Charlotte nixes private LTE plans for Democratic National Convention
A federal decision to halt work on public-safety LTE projects nationwide until the First Responder Network Authority (FirstNet) board is appointed will mean that security officials for the Democratic National Convention will not be able to use a dedicated broadband network, according to an official with the city of Charlotte, N.C.
“We sent out a notice to our city council two weeks ago, informing them that we would not be able to provide the services as anticipated,” Chuck Robinson, the key business executive for the city of Charlotte’s business support services, said during an interview with Urgent Communications.
Robinson said that city officials have made other communications arrangements for public-safety personnel that will be working during the convention, which will begin on Sept. 3.
Charlotte officials had hoped to use the LTE network — the first phase of which was scheduled to be operational this month — during the convention to bolster public-safety communications and to gain real-world experience about using a dedicated LTE network during a large event.
However, all early public-safety LTE deployments using federal funds have been stopped by the National Telecommunications and Information Administration (NTIA), which has expressed concerns that the early buildouts could hamper the FirstNet board’s plans for a nationwide network.
But the delays are creating issues, Robinson said. The city hired a project manager to deploy the planned LTE network, but that person is not allowed to proceed with the project. Similarly, key project partners such as Alcatel-Lucent and Crown Castle have similar resource issues.

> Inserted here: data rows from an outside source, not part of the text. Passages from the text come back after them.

text \<open>Fredholm alternative for the system \<open>(y i - y i') \<bullet> a = ln (\<zeta> j $ i) - ln (\<zeta> j $ i')\<close>.\<close>

lemma exists_log_potential:
  fixes y :: "'v::finite \<Rightarrow> real^'n" and \<zeta> :: "nat \<Rightarrow> real^'v" and src :: "nat \<Rightarrow> 'v set"
  assumes relations: "\<And>\<gamma>. \<forall>j<l. \<gamma> j \<in> supported_vecs (src j) \<and> (\<Sum>i\<in>src j. \<gamma> j $ i) = 0 \<Longrightarrow>
      (\<Sum>j<l. \<Sum>i\<in>src j. \<gamma> j $ i *\<^sub>R y i) = 0 \<Longrightarrow> (\<Sum>j<l. \<Sum>i\<in>src j. \<gamma> j $ i * ln (\<zeta> j $ i)) = 0"
  obtains a where "\<And>j i i'. j < l \<Longrightarrow> i \<in> src j \<Longrightarrow> i' \<in> src j \<Longrightarrow>
      (y i - y i') \<bullet> a = ln (\<zeta> j $ i) - ln (\<zeta> j $ i')"
proof -
  define D where "D = {\<gamma>. \<forall>j<l. \<gamma> j \<in> supported_vecs (src j) \<and> (\<Sum>i\<in>src j. \<gamma> j $ i) = 0}"
  define M where "M \<gamma> = (\<Sum>j<l. \<Sum>i\<in>src j. \<gamma> j $ i *\<^sub>R y i)" for \<gamma>
  define \<Phi> where "\<Phi> \<gamma> = (\<Sum>j<l. \<Sum>i\<in>src j. \<gamma> j $ i * ln (\<zeta> j $ i))" for \<gamma>
  have closed: "(\<lambda>j. g j + h j) \<in> D" "(\<lambda>j. g j - h j) \<in> D" "(\<lambda>j. c *\<^sub>R g j) \<in> D"
    if "g \<in> D" "h \<in> D" for g h c
    using that unfolding D_def supported_vecs_def
    by (auto simp: sum.distrib sum_subtractf sum_distrib_left[symmetric])
  have linear: "M (\<lambda>j. g j + h j) = M g + M h" "M (\<lambda>j. g j - h j) = M g - M h" "M (\<lambda>j. c *\<^sub>R g j) = c *\<^sub>R M g"
    "\<Phi> (\<lambda>j. g j + h j) = \<Phi> g + \<Phi> h" "\<Phi> (\<lambda>j. g j - h j) = \<Phi> g - \<Phi> h" "\<Phi> (\<lambda>j. c *\<^sub>R g j) = c * \<Phi> g"
    for g h c
    unfolding M_def \<Phi>_def
    by (simp_all add: algebra_simps sum.distrib sum_subtractf scaleR_sum_right sum_distrib_left)
  obtain a where a: "\<And>\<gamma>. \<gamma> \<in> D \<Longrightarrow> a \<bullet> M \<gamma> = \<Phi> \<gamma>"
  proof (rule factored_functional_inner_representation[of "\<lambda>j. 0" D M \<Phi>])
    show "(\<lambda>j. 0) \<in> D" unfolding D_def supported_vecs_def by simp
    show "\<Phi> g = \<Phi> h" if "g \<in> D" "h \<in> D" "M g = M h" for g h
      using relations[of "\<lambda>j. g j - h j"] closed(2)[OF that(1,2)] that(3) linear(2,5)
      unfolding D_def M_def \<Phi>_def by auto
    show "\<exists>s\<in>D. M s = M g + M h \<and> \<Phi> s = \<Phi> g + \<Phi> h" if "g \<in> D" "h \<in> D" for g h
      using closed(1)[OF that] linear(1,4) by blast
    show "\<exists>s\<in>D. M s = c *\<^sub>R M g \<and> \<Phi> s = c * \<Phi> g" if "g \<in> D" for c g
      using closed(3)[OF that that] linear(3,6) by blast
  qed blast
  show thesis
  proof (rule that)
    fix j i i' assume j: "j < l" and i: "i \<in> src j" "i' \<in> src j"
    define \<gamma> where "\<gamma> j' = (if j' = j then axis i 1 - axis i' 1 else 0 :: real^'v)" for j'
    have "\<gamma> \<in> D"
      using i sum_axis_diff[OF i] unfolding D_def \<gamma>_def supported_vecs_def by (auto simp: axis_def)
    moreover have "M \<gamma> = (\<Sum>j'<l. if j' = j then y i - y i' else 0)"
      unfolding M_def \<gamma>_def using sum_axis_diff_scaleR[OF i, of y] by (intro sum.cong) auto
    moreover have "\<Phi> \<gamma> = (\<Sum>j'<l. if j' = j then ln (\<zeta> j $ i) - ln (\<zeta> j $ i') else 0)"
      unfolding \<Phi>_def \<gamma>_def using sum_axis_diff_scaleR[OF i, of "\<lambda>i. ln (\<zeta> j $ i)"]
      by (intro sum.cong) auto
    ultimately show "(y i - y i') \<bullet> a = ln (\<zeta> j $ i) - ln (\<zeta> j $ i')"
      using a[of \<gamma>] j by (simp add: inner_commute)
  qed
qed
lemma pair_trace_orth_projector_complement:
  assumes smc: "sigma_SMC n (Suc (Suc k)) P \<rho>" and P: "orth_projector n P"
  shows "pair_trace n k \<rho> P (\<lambda>x y. id_mat x y - P x y) = 0"
    and "pair_trace n k \<rho> (\<lambda>x y. id_mat x y - P x y) P = 0"
proof -
  have slots: "(1::nat) \<in> {1..Suc (Suc k)}" "(2::nat) \<in> {1..Suc (Suc k)}" by auto
  have "pair_trace n k \<rho> P P = pair_trace n k \<rho> id_mat P"
    using smc[unfolded sigma_SMC_def, rule_format, OF spectral_projector_orth_projector[OF P] slots]
    unfolding trace_lift1_lift2 trace_lift2 .
  then show "pair_trace n k \<rho> (\<lambda>x y. id_mat x y - P x y) P = 0"
    by (simp add: pair_trace_diff_left)
  have "pair_trace n k \<rho> (\<lambda>x y. id_mat x y - P x y) (\<lambda>x y. id_mat x y - P x y)
      = pair_trace n k \<rho> id_mat (\<lambda>x y. id_mat x y - P x y)"
    using smc[unfolded sigma_SMC_def, rule_format, OF spectral_projector_complement[OF P] slots]
    unfolding trace_lift1_lift2 trace_lift2 .
  then show "pair_trace n k \<rho> P (\<lambda>x y. id_mat x y - P x y) = 0"
    by (simp add: pair_trace_diff_left)
qed

definition outer :: "(nat \<Rightarrow> complex) \<Rightarrow> nat \<Rightarrow> nat \<Rightarrow> complex" where
  "outer u x y = u x * cnj (u y)"

lemma orth_projector_outer:
  assumes "N \<noteq> 0" "(\<Sum>l<n. cnj (u l) * u l) = of_real N"
  shows "orth_projector n (\<lambda>x y. outer u x y / of_real N)"
  unfolding orth_projector_def
proof (intro conjI allI impI)
  show "self_adjoint n (\<lambda>x y. outer u x y / of_real N)"
    by (simp add: self_adjoint_def outer_def mult.commute)
  fix i j
  have "hmul n (\<lambda>x y. outer u x y / of_real N) (\<lambda>x y. outer u x y / of_real N) i j
      = u i * cnj (u j) / (of_real N * of_real N) * (\<Sum>l<n. cnj (u l) * u l)"
    unfolding hmul_def outer_def sum_distrib_left by (rule sum.cong) (simp_all add: field_simps)
  also have "\<dots> = outer u i j / of_real N"
    using assms by (simp add: outer_def field_simps)
  finally show "hmul n (\<lambda>x y. outer u x y / of_real N) (\<lambda>x y. outer u x y / of_real N) i j = outer u i j / of_real N" .
qed

(* <f \<otimes> e_r| \<rho> |f \<otimes> e_r> for a vector f of H \<otimes> H and the basis vector e_r of H^{\<otimes>k}. *)
definition block_form :: "nat \<Rightarrow> (nat list \<Rightarrow> nat list \<Rightarrow> complex) \<Rightarrow> nat list \<Rightarrow> (nat \<Rightarrow> nat \<Rightarrow> complex) \<Rightarrow> complex" where
  "block_form n \<rho> r f = (\<Sum>x'<n. \<Sum>y'<n. \<Sum>x<n. \<Sum>y<n. cnj (f x' y') * \<rho> (x' # y' # r) (x # y # r) * f x y)"

lemma pair_trace_outer:
  "pair_trace n k \<rho> (outer u) (outer v) = (\<Sum>r\<in>tidx n k. block_form n \<rho> r (\<lambda>x y. u x * v y))"
  unfolding pair_trace_def block_form_def outer_def
  by (rule sum.cong[OF refl], subst sum_swap_pairs) (simp add: ac_simps)

lemma block_form_nonneg:
  assumes "density_operator n (Suc (Suc k)) \<rho>" "r \<in> tidx n k"
  shows "Re (block_form n \<rho> r f) \<ge> 0"
proof -
  define v where "v a = (if drop 2 a = r then f (a ! 0) (a ! 1) else 0)" for a
  let ?T = "tidx n (Suc (Suc k))"
  have v: "v (x # y # r') = (if r' = r then f x y else 0)"
    and cnj_v: "cnj (v (x # y # r')) = (if r' = r then cnj (f x y) else 0)" for x y r'
    by (simp_all add: v_def)
  have "0 \<le> Re (\<Sum>a\<in>?T. \<Sum>b\<in>?T. cnj (v a) * \<rho> a b * v b)"
    using assms(1) unfolding density_operator_def by blast
  also have "(\<Sum>a\<in>?T. \<Sum>b\<in>?T. cnj (v a) * \<rho> a b * v b) = (\<Sum>a\<in>?T. cnj (v a) * (\<Sum>b\<in>?T. \<rho> a b * v b))"
    by (simp add: sum_distrib_left mult.assoc)
  also have "\<dots> = (\<Sum>x'<n. \<Sum>y'<n. cnj (f x' y') * (\<Sum>b\<in>?T. \<rho> (x' # y' # r) b * v b))"
    unfolding sum_tidx_Suc_Suc using assms(2) by (simp add: cnj_v if_zero_mult sum.delta' finite_tidx)
  also have "\<dots> = block_form n \<rho> r f"
    unfolding block_form_def sum_tidx_Suc_Suc using assms(2)
    by (simp add: v mult_if_zero sum.delta' finite_tidx sum_distrib_left mult.assoc)
  finally show ?thesis .
qed

lemma block_form_eq_zero_of_pair_trace_outer:
  assumes "density_operator n (Suc (Suc k)) \<rho>" "Re (pair_trace n k \<rho> (outer u) (outer v)) = 0" "r \<in> tidx n k"
  shows "Re (block_form n \<rho> r (\<lambda>x y. u x * v y)) = 0"
proof -
  have "(\<Sum>r\<in>tidx n k. Re (block_form n \<rho> r (\<lambda>x y. u x * v y))) = 0"
    using assms(2) by (simp add: pair_trace_outer Re_sum)
  then show ?thesis
    using assms(1,3) by (simp add: sum_nonneg_eq_0_iff finite_tidx block_form_nonneg)
qed

lemma Re_pair_trace_outer_nonneg:
  "density_operator n (Suc (Suc k)) \<rho> \<Longrightarrow> Re (pair_trace n k \<rho> (outer u) (outer v)) \<ge> 0"
  by (simp add: pair_trace_outer Re_sum sum_nonneg block_form_nonneg)

lemma Re_pair_trace_outer_eq_zero_of_sum:
  assumes "density_operator n (Suc (Suc k)) \<rho>" "finite J" "\<And>j. j \<in> J \<Longrightarrow> w j \<ge> 0" "j \<in> J" "w j > 0"
    and "(\<Sum>j\<in>J. of_real (w j) * pair_trace n k \<rho> (outer (a j)) (outer (b j))) = 0"
  shows "Re (pair_trace n k \<rho> (outer (a j)) (outer (b j))) = 0"
proof -
  have "(\<Sum>j\<in>J. w j * Re (pair_trace n k \<rho> (outer (a j)) (outer (b j)))) = 0"
    using arg_cong[OF assms(6), of Re] by (simp add: Re_sum)
  then show ?thesis
    using assms(1-5) by (auto simp: sum_nonneg_eq_0_iff Re_pair_trace_outer_nonneg)
qed

lemma block_form_orthogonal_eq_zero:
  assumes dens: "density_operator n (Suc (Suc k)) \<rho>"
    and smc: "\<forall>\<sigma>. self_adjoint n \<sigma> \<longrightarrow> sigma_SMC n (Suc (Suc k)) \<sigma> \<rho>"
    and N: "N > 0" "(\<Sum>l<n. cnj (u l) * u l) = of_real N"
    and complement: "\<And>x y. x < n \<Longrightarrow> y < n \<Longrightarrow>
      id_mat x y - outer u x y / of_real N = (\<Sum>j\<in>J. of_real (w j) * outer (g j) x y)"
    and J: "finite J" "\<And>j. j \<in> J \<Longrightarrow> w j \<ge> 0" "j \<in> J" "w j > 0"
    and r: "r \<in> tidx n k"
  shows "Re (block_form n \<rho> r (\<lambda>x y. u x * g j y)) = 0"
    and "Re (block_form n \<rho> r (\<lambda>x y. g j x * u y)) = 0"
proof -
  define P where "P = (\<lambda>x y. of_real (1 / N) * outer u x y)"
  define Q where "Q = (\<lambda>x y. \<Sum>j\<in>J. of_real (w j) * outer (g j) x y)"
  have "orth_projector n P"
    unfolding P_def using orth_projector_outer[OF _ N(2)] N(1) by (simp add: field_simps)
  moreover have "pair_trace n k \<rho> A (\<lambda>x y. id_mat x y - P x y) = pair_trace n k \<rho> A Q"
    and "pair_trace n k \<rho> (\<lambda>x y. id_mat x y - P x y) A = pair_trace n k \<rho> Q A" for A
    by (rule pair_trace_cong; simp add: P_def Q_def complement field_simps)+
  ultimately have "pair_trace n k \<rho> P Q = 0" "pair_trace n k \<rho> Q P = 0"
    using pair_trace_orth_projector_complement smc by (metis orth_projector_def)+
  then have uQ: "pair_trace n k \<rho> (outer u) Q = 0" and Qu: "pair_trace n k \<rho> Q (outer u) = 0"
    unfolding P_def pair_trace_scale_left pair_trace_scale_right using N(1) by simp_all
  have "(\<Sum>j\<in>J. of_real (w j) * pair_trace n k \<rho> (outer u) (outer (g j))) = 0"
    using uQ unfolding Q_def pair_trace_sum_right pair_trace_scale_right .
  then have uv: "Re (pair_trace n k \<rho> (outer u) (outer (g j))) = 0"
    by (intro Re_pair_trace_outer_eq_zero_of_sum[where w = w and j = j and a = "\<lambda>_. u", OF dens J])
  have "(\<Sum>j\<in>J. of_real (w j) * pair_trace n k \<rho> (outer (g j)) (outer u)) = 0"
    using Qu unfolding Q_def pair_trace_sum_left pair_trace_scale_left .
  then have vu: "Re (pair_trace n k \<rho> (outer (g j)) (outer u)) = 0"
    by (intro Re_pair_trace_outer_eq_zero_of_sum[where w = w and j = j and b = "\<lambda>_. u", OF dens J])
  from uv vu show "Re (block_form n \<rho> r (\<lambda>x y. u x * g j y)) = 0"
    and "Re (block_form n \<rho> r (\<lambda>x y. g j x * u y)) = 0"
    using block_form_eq_zero_of_pair_trace_outer[OF dens _ r] by blast+
qed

“Every day, the cost to restart [the LTE project] goes up,” Robinson said. “You have to remember, we had full-bore project teams. Crown Castle and Alcatel-Lucent can’t afford to have project teams sitting on their hands, so they get reassigned to other stuff.
“It’s going to take a whole bunch of work to get everything ramped back up.”
Robinson said that he is anxious to get started on the LTE deployment, noting that the city already has received the equipment to build out about 25% of planned network.
“There’s stuff in the warehouse,” he said. “I’ve got a really nice service-and-packing gateway sitting over in my data center. We’ve already tested the link between it and the core — it works fine. We’re just sitting here, waiting to do something really great.”